Neandertal died out some 30,000 years ago, leaving as the only representative of the Homo genre, the Sapiens, that is to say: Us!
If it is not difficult to conceive the joint existence of several kinds of equids, donkeys, zebras, horses, or canids, however, our self-centered mind struggles to get used to the idea that the genus from which we come was diversified and that other beings, like us but of another species, shared this earth with us.
That was the past.
For the future, we have imagined a lot of possibilities to produce ourselves, without reproducing ourselves; our fertile brains have indeed generated all sorts of replicas of us, more or less similar.
From C3PO to the Terminator, the cinema has echoed very powerful robots with a rather ungraceful appearance, most often characterized by a very human manicheism. However, the situation has improved considerably with the emergence of more modern androids, such as in Westworld or Ex machina, or with the handsome Jude Law in AI.

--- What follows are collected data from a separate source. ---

lemma fourier_transform_char_eq_deriv_cdf:
  assumes \<phi>: "integrable lborel (char M)" and atoms: "\<And>x. measure M {x} = 0"
    and D: "(cdf M has_real_derivative D) (at \<beta>)"
  shows "fourier_transform (char M) \<beta> = of_real (2 * pi * D)"
proof -
  define a where "a = \<beta> - 1"
  define L where "L y = integral {a..y} (fourier_transform (char M))" for y
  have "(L has_vector_derivative fourier_transform (char M) \<beta>) (at \<beta> within {a..\<beta> + 1})"
    unfolding L_def
    by (intro integral_has_vector_derivative
        continuous_on_subset[OF continuous_on_fourier_transform[OF \<phi>]]) (auto simp: a_def)
  hence L': "(L has_vector_derivative fourier_transform (char M) \<beta>) (at \<beta>)"
    using at_within_interior[of \<beta> "{a..\<beta> + 1}"] by (simp add: a_def)
  have R': "((\<lambda>y. of_real (2 * pi * (cdf M y - cdf M a))) has_vector_derivative
      complex_of_real (2 * pi * D)) (at \<beta>)"
    using DERIV_diff[OF D DERIV_const[of "cdf M a"]]
    by (intro has_vector_derivative_of_real DERIV_cmult) simp
  have R_eq_L: "of_real (2 * pi * (cdf M y - cdf M a)) = L y" if "y \<in> {a<..}" for y
  proof -
    have y: "a < y" using that by simp
    have "L y = (CLBINT t. Levy_kernel a y t * char M t)"
      unfolding L_def using y by (intro integral_fourier_transform_interval[OF \<phi>]) simp
    also have "\<dots> = of_real (2 * pi * measure M {a<..y})"
      using y by (intro Levy_inversion_integrable_char[OF \<phi> _ atoms atoms]) simp
    finally show ?thesis by (simp add: cdf_diff_eq[OF y])
  qed
  have "(L has_vector_derivative complex_of_real (2 * pi * D)) (at \<beta>)"
    by (rule has_vector_derivative_transform_within_open[OF R' open_greaterThan[of a] _ R_eq_L])
      (simp add: a_def)
  with L' show ?thesis using vector_derivative_unique_at by blast
qed
lemma subalg_gen_insert: "subalg_gen iota (insert x S) = adjoin (subalg_gen iota S) x"
proof
  have subset: "subalg_gen iota S \<subseteq> adjoin (subalg_gen iota S) x"
  proof
    fix a assume "a \<in> subalg_gen iota S"
    then have "poly [:a:] x \<in> adjoin (subalg_gen iota S) x"
      by (intro poly_adjoin const_polys_over subalgebra_subring subalgebra_subalg_gen)
    then show "a \<in> adjoin (subalg_gen iota S) x" by simp
  qed
  moreover have "x \<in> adjoin (subalg_gen iota S) x"
    using poly_adjoin[OF _ X_polys_over, of "subalg_gen iota S" x]
    by (simp add: subalgebra_subring subalgebra_subalg_gen)
  ultimately show "subalg_gen iota (insert x S) \<subseteq> adjoin (subalg_gen iota S) x"
    by (intro subalg_gen_minimal subalgebra_adjoin subalgebra_subalg_gen)
      (auto intro: subalg_gen.gen)
  show "adjoin (subalg_gen iota S) x \<subseteq> subalg_gen iota (insert x S)"
    by (intro adjoin_subset subalgebra_subalg_gen subalg_gen_minimal)
      (auto intro: subalg_gen.gen)
qed

definition k_hom_on :: "'b set \<Rightarrow> ('b \<Rightarrow> 'a) \<Rightarrow> bool" where
  "k_hom_on A f \<longleftrightarrow> (\<forall>c. f (iota c) = c) \<and>
     (\<forall>a\<in>A. \<forall>b\<in>A. f (a + b) = f a + f b \<and> f (a * b) = f a * f b)"

definition hom_mod :: "'b set \<Rightarrow> 'b set \<Rightarrow> ('b \<Rightarrow> 'a) \<Rightarrow> bool" where
  "hom_mod A P f \<longleftrightarrow> k_hom_on A f \<and> (\<forall>a\<in>A \<inter> P. f a = 0)"

lemma k_hom_on_iota: "k_hom_on A f \<Longrightarrow> f (iota c) = c"
  by (simp add: k_hom_on_def)

lemma k_hom_on_zero: "k_hom_on A f \<Longrightarrow> f 0 = 0"
  using k_hom_on_iota[of A f 0] by simp

lemma k_hom_on_one: "k_hom_on A f \<Longrightarrow> f 1 = 1"
  using k_hom_on_iota[of A f 1] by simp

lemma k_hom_on_add: "k_hom_on A f \<Longrightarrow> a \<in> A \<Longrightarrow> b \<in> A \<Longrightarrow> f (a + b) = f a + f b"
  by (simp add: k_hom_on_def)

lemma k_hom_on_mult: "k_hom_on A f \<Longrightarrow> a \<in> A \<Longrightarrow> b \<in> A \<Longrightarrow> f (a * b) = f a * f b"
  by (simp add: k_hom_on_def)

lemma coeff_map_poly_k_hom: "k_hom_on A f \<Longrightarrow> coeff (map_poly f p) i = f (coeff p i)"
  by (simp add: coeff_map_poly k_hom_on_zero)

context
  fixes A f
  assumes A: "subalgebra A" and f: "k_hom_on A f"
begin

lemma k_hom_on_diff: "a \<in> A \<Longrightarrow> b \<in> A \<Longrightarrow> f (a - b) = f a - f b"
  using k_hom_on_add[OF f, of "a - b" b] subring_diff[OF subalgebra_subring[OF A]]
  by (simp add: eq_diff_eq)

lemma k_hom_on_power: "a \<in> A \<Longrightarrow> f (a ^ n) = f a ^ n"
  by (induction n)
    (simp_all add: k_hom_on_one[OF f] k_hom_on_mult[OF f] subring_power[OF subalgebra_subring[OF A]])

lemma k_hom_on_sum: "(\<And>i. i \<in> S \<Longrightarrow> g i \<in> A) \<Longrightarrow> f (sum g S) = (\<Sum>i\<in>S. f (g i))"
  by (induction S rule: infinite_finite_induct)
    (simp_all add: k_hom_on_zero[OF f] k_hom_on_add[OF f] subring_sum[OF subalgebra_subring[OF A]])

lemma map_poly_add_k_hom:
  "p \<in> polys_over A \<Longrightarrow> q \<in> polys_over A \<Longrightarrow> map_poly f (p + q) = map_poly f p + map_poly f q"
  by (rule poly_eqI) (simp add: coeff_map_poly_k_hom[OF f] k_hom_on_add[OF f] polys_over_coeff)

lemma map_poly_diff_k_hom:
  "p \<in> polys_over A \<Longrightarrow> q \<in> polys_over A \<Longrightarrow> map_poly f (p - q) = map_poly f p - map_poly f q"
  by (rule poly_eqI) (simp add: coeff_map_poly_k_hom[OF f] k_hom_on_diff polys_over_coeff)

lemma map_poly_mult_k_hom:
  assumes "p \<in> polys_over A" "q \<in> polys_over A"
  shows "map_poly f (p * q) = map_poly f p * map_poly f q"
proof (rule poly_eqI)
  fix n
  have "f (\<Sum>i\<le>n. coeff p i * coeff q (n - i)) = (\<Sum>i\<le>n. f (coeff p i) * f (coeff q (n - i)))"
    using assms subalgebra_subring[OF A]
    by (simp add: k_hom_on_sum k_hom_on_mult[OF f] polys_over_coeff subring_mult)
  then show "coeff (map_poly f (p * q)) n = coeff (map_poly f p * map_poly f q) n"
    by (simp add: coeff_map_poly_k_hom[OF f] coeff_mult)
qed

lemma map_poly_smult_k_hom:
  "a \<in> A \<Longrightarrow> p \<in> polys_over A \<Longrightarrow> map_poly f (smult a p) = smult (f a) (map_poly f p)"
  by (rule poly_eqI) (simp add: coeff_map_poly_k_hom[OF f] k_hom_on_mult[OF f] polys_over_coeff)
(* Let $n\ge 2$ be an integer such that $n+1$ is an odd prime. If $[\delta_0,\dots,\delta_n]\in\{-1,1\}^{n+1}$ satisfies $\sum_{j=0}^n\delta_j\binom{n}{j}=0$, then either $\delta_j=(-1)^j$ for all $j$ or $\delta_j=-(-1)^j$ for all $j$. Equivalently, $\hat J_n=0$.
   Context: For even $n$, $\hat J_n$ is the number of vectors $(\epsilon_0,\dots,\epsilon_{n/2-1})\in\{-1,0,1\}^{n/2}$ with $\sum_{i=0}^{n/2-1}\epsilon_i\binom{n}{i}=(-1)^{n/2+1}\frac12\binom{n}{n/2}$, excluding the alternating vector $\epsilon_i=(-1)^i$. *)

theory Defs
  imports "HOL-Computational_Algebra.Primes"
begin

end

theory Submission
  imports Defs
begin

text \<open>Modulo the prime \<open>p = n + 1\<close> every binomial coefficient \<open>n choose j\<close> is
  congruent to \<open>(-1)^j\<close>. Hence \<open>\<epsilon>\<^sub>j = \<delta>\<^sub>j (-1)^j\<close> are \<open>p\<close> signs whose sum is
  divisible by \<open>p\<close>. That sum lies in \<open>[-p, p]\<close> and has the parity of the odd
  number \<open>p\<close>, so it is \<open>\<plusminus>p\<close>, which forces all \<open>\<epsilon>\<^sub>j\<close> to be equal.\<close>

lemma prime_Suc_dvd_choose_minus_sign:
  fixes n :: nat
  assumes "prime (Suc n)" "j \<le> n"
  shows "int (Suc n) dvd int (n choose j) - (-1) ^ j"
  using assms(2)
proof (induction j)
  case 0
  then show ?case by simp
next
  case (Suc j)
  have "Suc n dvd Suc n choose Suc j"
    by (rule dvd_choose_prime) (use Suc.prems assms(1) in auto)
  then have "int (Suc n) dvd int (n choose j) + int (n choose Suc j)"
    by (metis binomial_Suc_Suc int_dvd_int_iff of_nat_add)
  moreover have "int (Suc n) dvd int (n choose j) - (-1) ^ j"
    using Suc by simp
  ultimately have "int (Suc n) dvd
      (int (n choose j) + int (n choose Suc j)) - (int (n choose j) - (-1) ^ j)"
    by (rule dvd_diff)
  then show ?case by simp
qed

lemma sum_signs_eq_card_iff:
  fixes e :: "'a \<Rightarrow> int"
  assumes "finite A" "\<forall>x\<in>A. e x \<in> {-1, 1}"
  shows "sum e A = int (card A) \<longleftrightarrow> (\<forall>x\<in>A. e x = 1)"
proof -
  have "sum e A = int (card A) \<longleftrightarrow> (\<Sum>x\<in>A. 1 - e x) = 0"
    by (auto simp: sum_subtractf)
  also have "\<dots> \<longleftrightarrow> (\<forall>x\<in>A. e x = 1)"
    using assms by (subst sum_nonneg_eq_0_iff) auto
  finally show ?thesis .
qed

lemma signs_constant_if_card_dvd_sum:
  fixes e :: "'a \<Rightarrow> int"
  assumes "finite A" "\<forall>x\<in>A. e x \<in> {-1, 1}"
    and "odd (card A)" "int (card A) dvd sum e A"
  shows "(\<forall>x\<in>A. e x = 1) \<or> (\<forall>x\<in>A. e x = -1)"
proof -
  define c where "c = int (card A)"
  have shifted: "sum e A + c = (\<Sum>x\<in>A. e x + 1)"
    by (simp add: c_def sum.distrib)
  have "0 \<le> (\<Sum>x\<in>A. e x + 1)"
    using assms(2) by (auto intro!: sum_nonneg)
  moreover have "(\<Sum>x\<in>A. e x + 1) \<le> (\<Sum>x\<in>A. 2)"
    using assms(2) by (intro sum_mono) auto
  ultimately have bounds: "- c \<le> sum e A" "sum e A \<le> c"
    using shifted by (simp_all add: c_def)
  have "even (\<Sum>x\<in>A. e x + 1)"
    using assms(2) by (auto intro!: dvd_sum)
  then have "even (sum e A + c)"
    using shifted by simp
  then have "odd (sum e A)"
    using assms(3) by (simp add: c_def)
  obtain k where k: "sum e A = c * k"
    using assms(4) c_def by blast
  have "c > 0"
    using assms(3) by (auto simp: c_def intro!: Nat.gr0I)
  then have "-1 \<le> k" "k \<le> 1"
    using bounds k mult_le_cancel_left_pos[of c] by (metis mult_minus1_right mult_1_right)+
  then have "k \<in> {-1, 0, 1}"
    by auto
  with \<open>odd (sum e A)\<close> k have "sum e A = c \<or> - sum e A = c"
    by auto
  moreover have "- sum e A = c \<longleftrightarrow> (\<forall>x\<in>A. - e x = 1)"
    using sum_signs_eq_card_iff[of A "\<lambda>x. - e x"] assms(1,2) by (auto simp: c_def sum_negf)
  ultimately show ?thesis
    using sum_signs_eq_card_iff[OF assms(1,2)] by (auto simp: c_def)
qed

theorem mainTheorem4:
  fixes n :: nat and \<delta> :: "nat \<Rightarrow> int"
  assumes "n \<ge> 2"
    and "prime (n + 1)" and "odd (n + 1)"
    and "\<forall>j\<le>n. \<delta> j \<in> {-1, 1}"
    and "(\<Sum>j=0..n. \<delta> j * int (n choose j)) = 0"
  shows "(\<forall>j\<le>n. \<delta> j = (-1) ^ j) \<or> (\<forall>j\<le>n. \<delta> j = - ((-1) ^ j))"
proof -
  define \<epsilon> where "\<epsilon> j = \<delta> j * (-1) ^ j" for j
  have \<epsilon>_sign: "\<forall>j\<in>{0..n}. \<epsilon> j \<in> {-1, 1}"
    using assms(4) by (auto simp: \<epsilon>_def minus_one_power_iff)
  have "int (n + 1) dvd (\<Sum>j=0..n. \<delta> j * int (n choose j) - \<epsilon> j)"
  proof (rule dvd_sum)
    fix j assume "j \<in> {0..n}"
    then have "int (n + 1) dvd \<delta> j * (int (n choose j) - (-1) ^ j)"
      using prime_Suc_dvd_choose_minus_sign assms(2) by simp
    then show "int (n + 1) dvd \<delta> j * int (n choose j) - \<epsilon> j"
      by (simp add: \<epsilon>_def algebra_simps)
  qed
  then have "int (card {0..n}) dvd sum \<epsilon> {0..n}"
    using assms(5) by (simp add: sum_subtractf)
  then have "(\<forall>j\<in>{0..n}. \<epsilon> j = 1) \<or> (\<forall>j\<in>{0..n}. \<epsilon> j = -1)"
    using signs_constant_if_card_dvd_sum[OF _ \<epsilon>_sign] assms(3) by simp
  moreover have "\<delta> j = \<epsilon> j * (-1) ^ j" for j
    by (simp add: \<epsilon>_def mult.assoc flip: power_add)
  ultimately show ?thesis
    by auto
qed

end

But what is the origin of this urge to create robots when there are millions of us looking for work?
The most basic answer is that we want to do certain tasks better and faster. Basically, when humans invented the plow, it was to dig furrows better and faster, so there is nothing new here; only the plow did not have two eyes and ears. So what is it about owning a machine that looks like ourselves that fascinates us?
Dare we say that it satisfies a more primal and less avowed instinct which is that of being able to command another being without being labeled a slaver? The irony of this is that the commonly accepted fantasy about robots and artificial intelligence is that of seeing them take over from humans, which means that bad intentions are like money: To lend it, you have to have it!
However, our boiling neurons can only conceptualise robots in our physical world. Even if the brain of these machines is endowed with an artificial intelligence, evolving and learning by itself, it is necessary, pragmatically, that at some point someone screws something.
But that was then, because even before we have succeeded in creating robots that we could confuse with real humans, here come the Metahumans.
These beings are only virtual. Their appearance is up to you and as they don't have the constraints of physical life, they look like you, me, your neighbor.
And the uses are infinite and breathtaking.
No more characters in a movie that don't match the mental image you had of them when you read the novel. Moreover, why pay actors millions to act, when you can, without casting, directly manufacture the character?
Your chatbots will finally correspond to an embodied after-sales service just for you and Hallelujah, no more need to be on time for your Zoom meetings, just send your double.
The revolution is that soon we will all be able to generate offspring according to our desires thanks to Unreal Engine, and frankly I'm looking forward to trying, even if I'm also looking forward to seeing real humans on stage, since we are still far from the physical robot. The virtual trend, I'm convinced, will take over, satisfying our primary needs, leaving the physical field to objects that look like objects, which these robots are after all.